X = df1.drop(['OUTCOME'], axis = 1)#.values
Y = df1["OUTCOME"] #.values

# 🔹 Calcola la Mutual Information
mi_scores = mutual_info_classif(X, Y)

# 🔹 Crea un DataFrame con i risultati
mi_results = pd.DataFrame({"Feature": X.columns, "MI_Score": mi_scores})

# 🔹 Filtra solo le feature con MI > 0 (cioè, che portano informazione)
threshold = 0.49
selected_features = mi_results[mi_results["MI_Score"] > threshold]

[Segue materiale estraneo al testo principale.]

(*
  Shortening at the first coordinate shows, by induction on n, that a linear code C of
  length n over F_q satisfies |C| = q^k and |C^\<perp>| = q^(n-k) for some k: either the first
  column of C vanishes, or C contains a word 1 # b, and in both cases C and C^\<perp> are
  in explicit bijection with products of F_q and the shortened code or its dual.
  Hence a self-dual code has n = 2k.

  For \<alpha>, take c \<in> C: both c and its skew shift are self-orthogonal.  Applying the field
  automorphism \<theta> to c \<cdot> c = 0 and comparing with the shifted sum leaves only the last
  coordinate, (\<alpha>^2 - 1) \<theta>(c_(n-1))^2 = 0.  The last coordinate cannot vanish on all of C,
  since the unit vector e_(n-1) would then lie in C^\<perp> = C; so \<alpha>^2 = 1.  For n = 0 the
  modulus x^0 - \<alpha> = 1 - \<alpha> lies in the code ideal, and a generator of positive degree
  forces \<alpha> = 1.
*)
theory Submission
  imports Defs
begin

definition shortened_code :: "'a::zero list set \<Rightarrow> 'a list set" where
  "shortened_code C = {w. 0 # w \<in> C}"

lemma sum_lessThan_Suc_Cons_nth:
  "(\<Sum>i<Suc n. (y # u) ! i * (x # w) ! i) = y * x + (\<Sum>i<n. u ! i * w ! i)"
  by (subst sum.lessThan_Suc_shift) simp

lemma length_Suc_conv_Cons: "length c = Suc n \<Longrightarrow> \<exists>x t. c = x # t \<and> length t = n"
  by (cases c) auto

lemma linear_code_shortened_code:
  assumes "linear_code (Suc n) C"
  shows "linear_code n (shortened_code C)"
proof -
  have "map2 (+) (0 # u) (0 # v) \<in> C" if "0 # u \<in> C" "0 # v \<in> C" for u v
    using assms that unfolding linear_code_def by blast
  moreover have "map (\<lambda>x. a * x) (0 # u) \<in> C" if "0 # u \<in> C" for a u
    using assms that unfolding linear_code_def by blast
  ultimately show ?thesis
    using assms unfolding linear_code_def shortened_code_def by auto
qed

lemma Cons_dual_code_shortened_code:
  assumes "y # u \<in> dual_code (Suc n) C"
  shows "u \<in> dual_code n (shortened_code C)"
  unfolding dual_code_def shortened_code_def
proof (intro CollectI conjI ballI)
  show "length u = n" using assms unfolding dual_code_def by simp
  fix w assume "w \<in> {w. 0 # w \<in> C}"
  then have "(\<Sum>i<Suc n. (y # u) ! i * (0 # w) ! i) = 0"
    using assms unfolding dual_code_def by blast
  then show "(\<Sum>i<n. u ! i * w ! i) = 0"
    by (simp only: sum_lessThan_Suc_Cons_nth) simp
qed

lemma code_eq_image_zero_column:
  assumes "C \<subseteq> {v. length v = Suc n}" and "\<forall>c\<in>C. hd c = 0"
  shows "C = Cons 0 ` shortened_code C"
proof
  show "C \<subseteq> Cons 0 ` shortened_code C"
  proof
    fix c assume "c \<in> C"
    with assms obtain t where "c = 0 # t" by (cases c) auto
    with \<open>c \<in> C\<close> show "c \<in> Cons 0 ` shortened_code C"
      unfolding shortened_code_def by auto
  qed
qed (auto simp: shortened_code_def)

# 🔹 Ordina in base all'importanza
selected_features = selected_features.sort_values(by="MI_Score", ascending=False)

# 🔹 Stampa le feature selezionate
print("Feature più informative rispetto alle anomalie:")
print(selected_features)

# 🔹 Se vuoi solo i nomi delle feature per usarle in MATLAB
important_feature_names = selected_features["Feature"].tolist()
print("\nFeature selezionate:", important_feature_names)

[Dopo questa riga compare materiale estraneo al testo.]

(* Let $X$ be a finite set with $|X|=n$, $0\notin X$, $W=X\cup\{0\}$. Let $\mathfrak{V}$ be a $\big(\binom{n}{2}_{\,n-2}\ \binom{n}{3}_{\,3}\big)$-configuration whose point set is $\mathcal{P}_2(X)$, and let $\mathfrak{M}$ be the structure with point set $\mathcal{P}_2(W)$ whose lines are the lines of $\mathfrak{V}$ together with all sets $\{\{0,x\},\{0,y\},\{x,y\}\}$ for distinct $x,y\in X$. Let $H$ be a hyperplane of $\mathfrak{M}$. On $X$ define $x\sim y$ iff $x=y$, or $x\neq y$ and $\{x,y\}\in H$. Then $\sim$ is an equivalence relation on $X$.
   Context: $\mathcal{P}_2(Y)$ denotes the set of $2$-element subsets of $Y$. A $(v_r\ b_k)$-configuration is a partial linear space with $v$ points and $b$ lines, each point on exactly $r$ lines and each line containing exactly $k$ points. A subspace is a set of points containing every line that meets it in at least two points; a hyperplane is a proper subspace meeting every line. *)

theory Defs
  imports Main
begin

definition P2 :: "'a set \<Rightarrow> 'a set set" where
  "P2 Y = {e. e \<subseteq> Y \<and> card e = 2}"

definition partial_linear_space :: "'p set \<Rightarrow> 'p set set \<Rightarrow> bool" where
  "partial_linear_space P L \<longleftrightarrow>
     (\<forall>l\<in>L. l \<subseteq> P \<and> 2 \<le> card l) \<and>
     (\<forall>p\<in>P. \<forall>q\<in>P. p \<noteq> q \<longrightarrow>
        (\<forall>l\<in>L. \<forall>m\<in>L. p \<in> l \<and> q \<in> l \<and> p \<in> m \<and> q \<in> m \<longrightarrow> l = m))"

definition configuration ::
  "'p set \<Rightarrow> 'p set set \<Rightarrow> nat \<Rightarrow> nat \<Rightarrow> nat \<Rightarrow> nat \<Rightarrow> bool" where
  "configuration P L v r b k \<longleftrightarrow>
     partial_linear_space P L \<and> finite P \<and> finite L \<and>
     card P = v \<and> card L = b \<and>
     (\<forall>p\<in>P. card {l\<in>L. p \<in> l} = r) \<and>
     (\<forall>l\<in>L. card l = k)"

definition subspace :: "'p set \<Rightarrow> 'p set set \<Rightarrow> 'p set \<Rightarrow> bool" where
  "subspace P L S \<longleftrightarrow> S \<subseteq> P \<and>
     (\<forall>l\<in>L. 2 \<le> card (l \<inter> S) \<longrightarrow> l \<subseteq> S)"

definition hyperplane :: "'p set \<Rightarrow> 'p set set \<Rightarrow> 'p set \<Rightarrow> bool" where
  "hyperplane P L H \<longleftrightarrow> subspace P L H \<and> H \<noteq> P \<and>
     (\<forall>l\<in>L. l \<inter> H \<noteq> {})"

end

theory Submission
  imports Defs
begin

text \<open>A hyperplane meets each three-point line in one point or contains it, so the number of
  points of such a line lying in the hyperplane is odd. Applied to the line
  \<open>{{0,x}, {0,y}, {x,y}}\<close> this says that \<open>{x,y} \<in> H\<close> exactly when \<open>{0,x}\<close> and \<open>{0,y}\<close> are
  either both in \<open>H\<close> or both outside it; hence \<open>\<sim>\<close> is the kernel of the map
  \<open>x \<mapsto> ({0,x} \<in> H)\<close>.\<close>

lemma subspace_contains_line:
  assumes "subspace P L S" "l \<in> L" "finite l"
    and "p \<in> l" "q \<in> l" "p \<noteq> q" "p \<in> S" "q \<in> S"
  shows "l \<subseteq> S"
proof -
  have "card {p, q} \<le> card (l \<inter> S)"
    using assms(3-) by (intro card_mono) auto
  then show ?thesis
    using assms(1,2,6) unfolding subspace_def by auto
qed

lemma hyperplane_three_point_line:
  assumes "hyperplane P L H" "{p, q, r} \<in> L" "p \<noteq> q" "p \<noteq> r" "q \<noteq> r"
  shows "r \<in> H \<longleftrightarrow> (p \<in> H \<longleftrightarrow> q \<in> H)"
proof -
  have sub: "subspace P L H" and meets: "{p, q, r} \<inter> H \<noteq> {}"
    using assms(1,2) unfolding hyperplane_def by auto
  have "{p, q, r} \<subseteq> H" if "u \<in> {p, q, r}" "v \<in> {p, q, r}" "u \<noteq> v" "u \<in> H" "v \<in> H" for u v
    using subspace_contains_line[OF sub assms(2) _ that] by simp
  then show ?thesis
    using meets assms(3-5) by blast
qed

theorem lemma3p1:
  fixes X :: "'a set" and z :: 'a and LV :: "'a set set set" and H :: "'a set set"
  assumes "finite X" and "card X = n" and "z \<notin> X"
    and "configuration (P2 X) LV (n choose 2) (n - 2) (n choose 3) 3"
    and "hyperplane (P2 (insert z X))
           (LV \<union> {{{z, x}, {z, y}, {x, y}} | x y. x \<in> X \<and> y \<in> X \<and> x \<noteq> y}) H"
  shows "equiv X {(x, y). x \<in> X \<and> y \<in> X \<and> (x = y \<or> (x \<noteq> y \<and> {x, y} \<in> H))}"
proof -
  have edge_iff: "{x, y} \<in> H \<longleftrightarrow> ({z, x} \<in> H \<longleftrightarrow> {z, y} \<in> H)"
    if "x \<in> X" "y \<in> X" "x \<noteq> y" for x y
  proof (rule hyperplane_three_point_line[OF assms(5)])
    show "{{z, x}, {z, y}, {x, y}} \<in>
        LV \<union> {{{z, x}, {z, y}, {x, y}} | x y. x \<in> X \<and> y \<in> X \<and> x \<noteq> y}"
      using that by blast
  qed (use that assms(3) in \<open>auto simp: doubleton_eq_iff\<close>)
  have "{(x, y). x \<in> X \<and> y \<in> X \<and> (x = y \<or> (x \<noteq> y \<and> {x, y} \<in> H))}
      = {(x, y). x \<in> X \<and> y \<in> X \<and> ({z, x} \<in> H \<longleftrightarrow> {z, y} \<in> H)}"
    using edge_iff by auto
  also have "equiv X \<dots>"
    by (rule equivI) (auto simp: refl_on_def sym_def intro: transI)
  finally show ?thesis .
qed

end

# tsne_plot(X, Y, "original.png")

Feature più informative rispetto alle anomalie:
          Feature  MI_Score
84  2A_AIT_004_PV  0.551780
6     1_LT_001_PV  0.494932

Feature selezionate: ['2A_AIT_004_PV', '1_LT_001_PV']


In [None]:
# Supponiamo che `df` sia il tuo DataFrame originale
selected_features = ['2A_AIT_004_PV', '1_LT_001_PV']

# Creiamo un nuovo DataFrame con solo queste feature + il target
df_selected = df[selected_features + ["OUTCOME"]]

# Salviamo il file CSV
df_selected.to_csv("./data_1/relevant_features_WADI.csv", index=False)

In [None]:
# 🔹 Carica il dataset WADI
df = pd.read_csv("./data_1/relevant_features_WADI.csv")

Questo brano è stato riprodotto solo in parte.